# Critique these does please



## RPC (Nov 6, 2009)

I think I made the right choice to keep these 2 doe kids but I want some more reassurance. They are on 3 days apart in age but they couldn't be more different as far as parents. Olive (traditional) is out of my tallest doe and a tall buck. Painted pretty (paint) is out of my shortest doe and a smaller buck. My goals for my herd are raising 4-H wethers.


----------



## ksalvagno (Oct 6, 2009)

What nice solid looking girls!


----------



## Jessica84 (Oct 27, 2011)

Those are some nice girls!! I sure wouldn't be embarrassed to own those girls


----------



## RPC (Nov 6, 2009)

Thank you both. Once the paint gets some more weight on I think she will look even better. She had a really high worm load and lost some weight but she is looking better everyday. I wish she had just a little more chest width and a touch longer. I think olive could be a little wider in her hooks and pins but for home grown does I am pretty happy. I always want my herd to improve and I just want to make sure I am not blinded by the fact that they are home grown and I think they are a huge improvement then find out I am just bias.


----------



## Jessica84 (Oct 27, 2011)

Well and that's why you will succeed. Even though you have beautiful goats you still want better. I think the paint is super nice. I try not to be color blind but I don't think it's just color on her, she's a nice little girl. She's shorter but I think she will end up being very stocky.


----------



## RPC (Nov 6, 2009)

That's what I think too she was the one I wanted to keep but had to keep 2 so she wasn't alone.


----------



## NWIndianaBoers (Mar 18, 2013)

Both nice does.

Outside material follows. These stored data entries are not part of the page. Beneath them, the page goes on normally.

definition smult :: "('v, 'e, 'a) lgraph \<Rightarrow> ('v, 'a) selem \<Rightarrow> ('v, 'a) selem \<Rightarrow> ('v, 'a) selem" where
  "smult G p q = (case p of None \<Rightarrow> None | Some (a, A, b) \<Rightarrow>
     (case q of None \<Rightarrow> None | Some (c, C, d) \<Rightarrow>
       (if take (length b) c = b then
          mk_triple (a @ drop (length b) c) (rng G A (drop (length b) c) \<inter> C) d
        else if take (length c) b = c then
          mk_triple a (A \<inter> rng G C (drop (length c) b)) (d @ drop (length c) b)
        else None)))"

definition ES :: "('v, 'e, 'a) lgraph \<Rightarrow> 'v set set \<Rightarrow> ('v, 'a) selem set" where
  "ES G B = insert None {Some (a, A, a) | a A. a \<in> labels_star G \<and> A \<in> Bsub G B a \<and> A \<noteq> {}}"

definition le_S :: "('v, 'e, 'a) lgraph \<Rightarrow> ('v, 'a) selem \<Rightarrow> ('v, 'a) selem \<Rightarrow> bool" where
  "le_S G p q \<longleftrightarrow> smult G p q = p"

definition upset :: "('v, 'e, 'a) lgraph \<Rightarrow> 'v set set \<Rightarrow> ('v, 'a) selem \<Rightarrow> ('v, 'a) selem set" where
  "upset G B x = {y \<in> ES G B. le_S G x y}"

definition filter_in :: "'p set \<Rightarrow> ('p \<Rightarrow> 'p \<Rightarrow> bool) \<Rightarrow> 'p \<Rightarrow> 'p set \<Rightarrow> bool" where
  "filter_in P le z0 F \<longleftrightarrow> F \<subseteq> P \<and> F \<noteq> {} \<and> z0 \<notin> F
     \<and> (\<forall>x\<in>F. \<forall>y\<in>P. le x y \<longrightarrow> y \<in> F)
     \<and> (\<forall>x\<in>F. \<forall>y\<in>F. \<exists>z\<in>F. le z x \<and> le z y)"

definition admissible :: "('v, 'e, 'a) lgraph \<Rightarrow> 'v set set \<Rightarrow> (nat \<Rightarrow> 'a) \<Rightarrow> (nat \<Rightarrow> 'v set set) \<Rightarrow> bool" where
  "admissible G B \<alpha> F \<longleftrightarrow>
     (\<forall>n>0. filter_in (Bsub G B (seg \<alpha> n)) (\<subseteq>) {} (F n))
     \<and> (F 0 = {} \<or> filter_in B (\<subseteq>) {} (F 0))
     \<and> (\<forall>n. F n \<subseteq> {A \<in> Bsub G B (seg \<alpha> n). rng G A [\<alpha> n] \<in> F (Suc n)})"

end

theory Submission
  imports Defs
begin

text \<open>A union of principal up-sets of a down-directed family of nonzero elements is a
  filter, so it suffices that the generators \<open>(\<alpha>\<^sub>1\<^sub>,\<^sub>n, A, \<alpha>\<^sub>1\<^sub>,\<^sub>n)\<close>, \<open>A \<in> F n\<close>, are down-directed.
  For \<open>n \<le> m\<close>, admissibility pushes \<open>A \<in> F n\<close> forward to a member of \<open>F m\<close> inside
  \<open>r(A, \<alpha>\<^sub>n\<^sub>+\<^sub>1 \<cdots> \<alpha>\<^sub>m)\<close>; meeting it with \<open>C \<in> F m\<close> inside the filter \<open>F m\<close> gives a common lower
  bound of the generators for \<open>A\<close> and \<open>C\<close>.\<close>

lemma filter_in_lower_bound: "filter_in P le z0 F \<Longrightarrow> x \<in> F \<Longrightarrow> y \<in> F \<Longrightarrow> \<exists>z\<in>F. le z x \<and> le z y"
  unfolding filter_in_def by (elim conjE) blast

lemma filter_in_Union_upsets:
  assumes trans: "\<And>x y z. x \<in> P \<Longrightarrow> y \<in> P \<Longrightarrow> z \<in> P \<Longrightarrow> le x y \<Longrightarrow> le y z \<Longrightarrow> le x z"
    and gen: "Y \<subseteq> P" "Y \<noteq> {}"
    and refl: "\<And>y. y \<in> Y \<Longrightarrow> le y y"
    and nonzero: "\<And>y. y \<in> Y \<Longrightarrow> \<not> le y z0"
    and directed: "\<And>x y. x \<in> Y \<Longrightarrow> y \<in> Y \<Longrightarrow> \<exists>z\<in>Y. le z x \<and> le z y"
  shows "filter_in P le z0 (\<Union>y\<in>Y. {p \<in> P. le y p})"
  unfolding filter_in_def
proof (intro conjI ballI impI)
  let ?U = "\<Union>y\<in>Y. {p \<in> P. le y p}"
  have Y_sub: "Y \<subseteq> ?U"
    using gen(1) refl by blast
  show "?U \<noteq> {}" using gen(2) Y_sub by blast
  show "?U \<subseteq> P" "z0 \<notin> ?U" using nonzero by auto
  show "y \<in> ?U" if "x \<in> ?U" "y \<in> P" "le x y" for x y
    using that gen(1) trans by blast
  fix x y assume "x \<in> ?U" "y \<in> ?U"
  then obtain x' y' where x: "x' \<in> Y" "x \<in> P" "le x' x" and y: "y' \<in> Y" "y \<in> P" "le y' y"
    by blast
  obtain z where z: "z \<in> Y" "le z x'" "le z y'"
    using directed x(1) y(1) by blast
  have "x' \<in> P" "y' \<in> P" "z \<in> P" using gen(1) x(1) y(1) z(1) by auto
  then have "le z x" "le z y"
    using trans[of z x' x] trans[of z y' y] x y z by simp_all
  then show "\<exists>z\<in>?U. le z x \<and> le z y" using Y_sub z(1) by blast
qed

lemma rng_mono: "A \<subseteq> C \<Longrightarrow> rng G A w \<subseteq> rng G C w"
  by (auto simp: rng_def)

lemma is_path_append:
  assumes "is_path G p" "is_path G q" "rg G (last p) = sr G (hd q)"
  shows "is_path G (p @ q)"
  unfolding is_path_def
proof (intro conjI allI impI)
  show "p @ q \<noteq> []" "set (p @ q) \<subseteq> edges G"
    using assms by (auto simp: is_path_def)
  fix i assume i: "Suc i < length (p @ q)"
  consider "Suc i < length p" | "Suc i = length p" | "length p \<le> i"
    by linarith
  then show "rg G ((p @ q) ! i) = sr G ((p @ q) ! Suc i)"
  proof cases
    case 1
    then show ?thesis using assms(1) by (simp add: is_path_def nth_append)
  next
    case 2
    then have "(p @ q) ! i = last p"
      using assms(1) by (simp add: is_path_def nth_append last_conv_nth flip: 2)
    moreover have "(p @ q) ! Suc i = hd q"
      using 2 assms(2) by (simp add: is_path_def nth_append hd_conv_nth)
    ultimately show ?thesis using assms(3) by simp
  next
    case 3
    then have "Suc (i - length p) < length q" using i by auto
    then show ?thesis using assms(2) 3 by (simp add: is_path_def nth_append Suc_diff_le)
  qed
qed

I like the paint more as well. I think she's put together better overall. Rough hair coat probably from the wormload she had but i think in another month on feed she'll look even better!


----------



## RPC (Nov 6, 2009)

Thanks justin. As soon as I got her worm load under control she has started shedding so I agree another month and her hair should look great and the feed will get her weight back on.


----------



## Suzanne_Tyler (Jul 19, 2014)

I think they're beautiful!


----------



## RPC (Nov 6, 2009)

Thank you I appriciate it


----------



## goatnutty (Oct 9, 2007)

I also really like the does these girls are becoming, I think you made a great decision!


----------



## RPC (Nov 6, 2009)

Thanks sarah. I sure hope so hahaha


----------



## RPC (Nov 6, 2009)

So glad I wait things out. I was really starting to think the paint was never going to grow and catch up with olive. It made me second guess for a while as to if I should sell her, sell them both, or just suck it up and keep them till the spring and reassess. Well she has hit a growth spurt and is like a normal size doe her age. I am so glad because the only reason the traditional stuck around is because I wanted to keep the paint and needed a buddy. But the traditional has turned out awesome and I think I have made a good choice.


----------



## ksalvagno (Oct 6, 2009)

Very nice!


----------



## RPC (Nov 6, 2009)

Thank you


----------



## toth boer goats (Jul 20, 2008)

I agree with the others. Nice does


----------



## Jessica84 (Oct 27, 2011)

Wow! I'm thinking I like the traditional best now from that shot


----------



## RPC (Nov 6, 2009)

I know she has sure changed I am glad I kept her.


----------



## RPC (Nov 6, 2009)

I just love the depth and squareness of this doe. She has decent bone and is really starting to bloom. Painted pretty sure is looking pretty.


----------



## toth boer goats (Jul 20, 2008)

:thumbup::thumb:


----------



## RPC (Nov 6, 2009)

Thanks Pam. I almost wish I could repeat this breeding. We sold the buck and he only ended up breeding 1 doe and then I sold her dam. So she is it from this lines.


----------



## goatnutty (Oct 9, 2007)

They're turning out to be very nice does!


----------



## RPC (Nov 6, 2009)

Thanks pal. I am happy with them.


----------



## RPC (Nov 6, 2009)

Little martini's olive


----------



## minibarn (Jul 20, 2010)

Wow! She looks amazing!


----------



## RPC (Nov 6, 2009)

Thanks I hated her when she was younger and planned to sell her but since I only had 2 doe kids and wanted to keep painted pretty I had to keep her as a friend. I am sure glad I did.


----------